You walk in to Basil's bar. You ask, "Has Mick been here lately?" The answer, "Oh, yeah! He was here last night and did a set for us."
Doesn't matter when you ask...
|02-07-2008 05:18 PM|
|camaraderie||OK...so Canouan needs to drop in favor of either PSV or Brittania Bay...I vote for Mustique and a chance to hang with he Mickster!|
|02-07-2008 05:03 PM|
Cam's proposed itenerary is an excellent suggestion, but I wonder about Canouan.
We've been there three times (twice to pick up and deposit guests), and didn't find much of interest compared to the other islands. I mean, it's a pretty island, as they go in the Grenadines, and we had a nice walk around, but really didn't find much else to do. And the swell was so bad in Charlestown Bay that we opted to head for Mayreau rather than spend the night there--we definitely wouldn't have been able to sleep, we were rolling so badly.
South Glossy Bay is pretty nice, but I'd be willing to bet you a Carib that the little French hotel/restaurant/bar there is out of business by now. They were barely hanging in there when we were there two years ago. The bartender told me that the Canouan government had agreed to limit hotel room availability on the island to promote the Raffles development on the northern end. The locals were incensed about it.
Here's Chris Doyle's summary of Canouan: http://www.doyleguides.com/canouan2.htm
Visiting Mustique is an "experience", and well worth it to some. My wife, Lynne and her visiting friend, enjoyed seeing it. I went along to carry the credit cards. But you should know that, last time I checked, they were charging $25 US per night for moorings, with a three night minimum, i.e., $75 US. We visited Mustique on a day sail on the Caribbean schooner, The Friendship Rose. She leaves Admiralty Harbour on Bequia in the morning, and you're back by 4:30 pm or so. They do a fantastic job of wining and dining their guests while on board, and you get to see a genuine piece of Bequia's sailing history up close.
|02-07-2008 03:19 PM|
Thanks for the tips -- from what I read I do want to get to Britannia Bay, Mustique. Hadn't read about Basils bar but will make that at plan. We typically eat out one night during the week.

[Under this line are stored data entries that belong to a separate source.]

lemma whl_solution_transfer_bound:
  assumes eps: "0 < eps" and sol: "whl_solution X lam eps y b0 bp bm Th" and jk: "j \<noteq> k"
    and eqj: "bp$j = bm$j" and k0: "bp$k = 0" "bm$k = 0" and d: "0 < d" "d \<le> \<bar>Th$j$k\<bar>"
  shows "d * (eps * \<bar>Th$j$k\<bar>) \<le> ((norm (column k X))\<^sup>2 / 2 + 7 / 4 * eps) * d\<^sup>2"
proof -
  define a u h where "a = Th$j$k" and "u = column k X" and "h = u \<bullet> (y - whl_fit X b0 bp bm Th)"
  define r :: real where "r = (if 0 \<le> h then 1 else 0)"
  \<comment> \<open>the new main effect of k is put on the side that does not increase the loss\<close>
  have r01: "0 \<le> r" "r \<le> 1" by (simp_all add: r_def)
  have feas: "whl_feasible bp bm Th"
    using sol by (simp add: whl_solution_def)
  have "row_l1 (Th$k) \<le> bp$k + bm$k"
    using feas by (simp add: whl_feasible_def)
  hence kj: "Th$k$j = 0"
    using abs_le_row_l1[of "Th$k" j] k0 by simp
  have "a \<noteq> 0" using d by (auto simp: a_def)
  have inner_eq: "bp \<bullet> transfer_beta j k d r + bm \<bullet> transfer_beta j k d (1 - r)
      + Th \<bullet> transfer_Theta j k (d * sgn a) = - d * bp$j - d * \<bar>a\<bar>"
    using eqj k0 kj
    by (simp add: transfer_beta_def transfer_Theta_def inner_add_right inner_axis a_def abs_sgn)
  have sq_eq: "sq_norms (transfer_beta j k d r) (transfer_beta j k d (1 - r))
      (transfer_Theta j k (d * sgn a)) = 7 / 2 * d\<^sup>2"
    using \<open>a \<noteq> 0\<close> unfolding transfer_beta_def transfer_Theta_def sq_norms_def
      power2_norm_axis_add_axis[OF jk] power2_norm_axis
    by (simp add: r_def power_mult_distrib power2_eq_square)
  have "(y - whl_fit X b0 bp bm Th) \<bullet> ((d * (r - (1 - r))) *\<^sub>R u)
      \<le> (norm ((d * (r - (1 - r))) *\<^sub>R u))\<^sup>2 / 2 + eps * (- d * bp$j - d * \<bar>a\<bar> + 7 / 2 * d\<^sup>2 / 2)"
    using whl_solution_perturbation_le[OF sol whl_feasible_transfer[OF feas jk eqj k0 d r01]
        whl_fit_transfer[of X b0 bp j k d r bm "1 - r" Th "d * sgn (Th$j$k)"]]
    unfolding whl_penalty_transfer[OF jk kj d] inner_eq[unfolded a_def] sq_eq[unfolded a_def] u_def
    by (simp add: a_def)
  moreover have "(y - whl_fit X b0 bp bm Th) \<bullet> ((d * (r - (1 - r))) *\<^sub>R u) = d * \<bar>h\<bar>"
    by (simp add: h_def r_def inner_commute)
  moreover have "(norm ((d * (r - (1 - r))) *\<^sub>R u))\<^sup>2 = d\<^sup>2 * (norm u)\<^sup>2"
    by (simp add: r_def power_mult_distrib)
  moreover have "0 \<le> d * \<bar>h\<bar>" "0 \<le> eps * (d * bp$j)"
    using d eps feas by (simp_all add: whl_feasible_def)
  ultimately show ?thesis
    by (simp add: a_def u_def algebra_simps)
qed

lemma whl_solution_interaction_eq_0_if_inactive:
  assumes eps: "0 < eps" and sol: "whl_solution X lam eps y b0 bp bm Th" and jk: "j \<noteq> k"
    and eqj: "bp$j = bm$j" and k0: "bp$k = 0" "bm$k = 0"
  shows "Th$j$k = 0"
proof (rule ccontr)
  assume "Th$j$k \<noteq> 0"
  hence "eps * \<bar>Th$j$k\<bar> \<le> 0"
    using whl_solution_transfer_bound[OF eps sol jk eqj k0]
    by (intro nonpos_if_linear_le_quadratic[of "\<bar>Th$j$k\<bar>"]) auto
  with eps \<open>Th$j$k \<noteq> 0\<close> show False
    by (simp add: mult_le_0_iff)
qed

lemma whl_solution_interaction_in_orth_set:
  assumes lam: "0 < lam" and eps: "0 < eps" and sol: "whl_solution X lam eps y b0 bp bm Th"
    and jk: "j \<noteq> k" and a: "Th$j$k \<noteq> 0" and eqj: "bp$j = bm$j" and eqk: "bp$k = bm$k"
  shows "\<exists>m. \<not> (\<exists>c. \<forall>i. X$i$m = c) \<and> y \<in> whl_orth_set X lam eps m"
proof -
  have feas: "whl_feasible bp bm Th"
    using sol by (simp add: whl_solution_def)
  have "0 < \<bar>Th$j$k\<bar>" using a by simp
  also have "\<bar>Th$j$k\<bar> \<le> bp$j + bm$j"
    using abs_le_row_l1[of "Th$j" k] feas by (simp add: whl_feasible_def) (meson order_trans)
  finally have "0 < bp$j" using eqj by simp
  moreover have "0 < bp$k"
  proof -
    have "bp$k \<noteq> 0"
      using whl_solution_interaction_eq_0_if_inactive[OF eps sol jk eqj] eqk a by auto
    thus ?thesis using feas by (simp add: whl_feasible_def order_le_neq_trans)
  qed
  ultimately have orth: "column m X \<bullet> (y - whl_fit X b0 bp bm Th) = 0" if "m \<in> {j, k}" for m
    using whl_solution_residual_orth_column[OF eps sol] eqj eqk that by auto
  have "\<exists>m\<in>{j, k}. \<not> (\<exists>c. \<forall>i. X$i$m = c)"
  proof (rule ccontr)
    assume "\<not> ?thesis"
    then obtain cj ck where "\<And>i. X$i$j = cj" "\<And>i. X$i$k = ck" by auto
    with whl_solution_interaction_eq_0_if_constant_columns[OF lam less_imp_le[OF eps] sol jk] a
    show False by blast
  qed
  then obtain m where "m \<in> {j, k}" and "\<not> (\<exists>c. \<forall>i. X$i$m = c)" ..
  moreover have "y \<in> whl_orth_set X lam eps m"
    unfolding whl_orth_set_def using sol orth[OF \<open>m \<in> {j, k}\<close>] by blast
  ultimately show ?thesis by blast
qed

Was this your favorite restaurant?
|02-07-2008 03:17 PM|
I like your suggestions - on the provisioning, the last time we went through Tortolla we had Sunsail provision and were pleased. Is there a reason you didn't provision - and did the store work out OK?
Appreciate your link. Have picked up the first book you mentioned - has some useful info.
|02-06-2008 01:57 PM|
Cam's 7 day schedule makes much sense. My only alternative proposal would be to skip Petit St. Vincent (Mopion island is too small to be of any interest either) and add Britannia Bay, Mustique, just for the fun of having dinner (and dance!) at Basil's bar. The restaurant of the luxury hotel at Petit St. Vincent is quite expensive by any rate, while the ambiance at Basil's bar (and residences + Cotton Club hotel on Mustique island BTW) is just exceptional.
|02-06-2008 12:19 PM|
We chartered for 7 days out of St.Vincent in 2006. It is a great place to sail. Some big ocean swells in the short passages between some of the islands and there is often a good breeze on. I recommend staying flexible and not trying to get to too many places. Cam's proposed itinerary looks good to me. Here is what we did:
Day 0: Arrive St. Vincent and overnight on the boat.
Day 1: Check-out and provision and sail to Admiralty Bay, Bequia. We had arranged provisioning through the charter company and then canceled and provisioned through a grocery store in St. Vincent I had found on the web. There was a mis-communication on this and it ended up causing a big delay in our departure. Because of this, we opted for the short sail to Bequia instead of the planned sail to Mustique.
Day 2: Explored Bequia from Admiralty Bay. There are beautiful secluded beaches on the other side of the island.
Day 3: Tobago Cays (get an early enough start so that you are not arriving too late in the day at Tobago Cays). You'll have some time in the afternoon to enjoy the Cays.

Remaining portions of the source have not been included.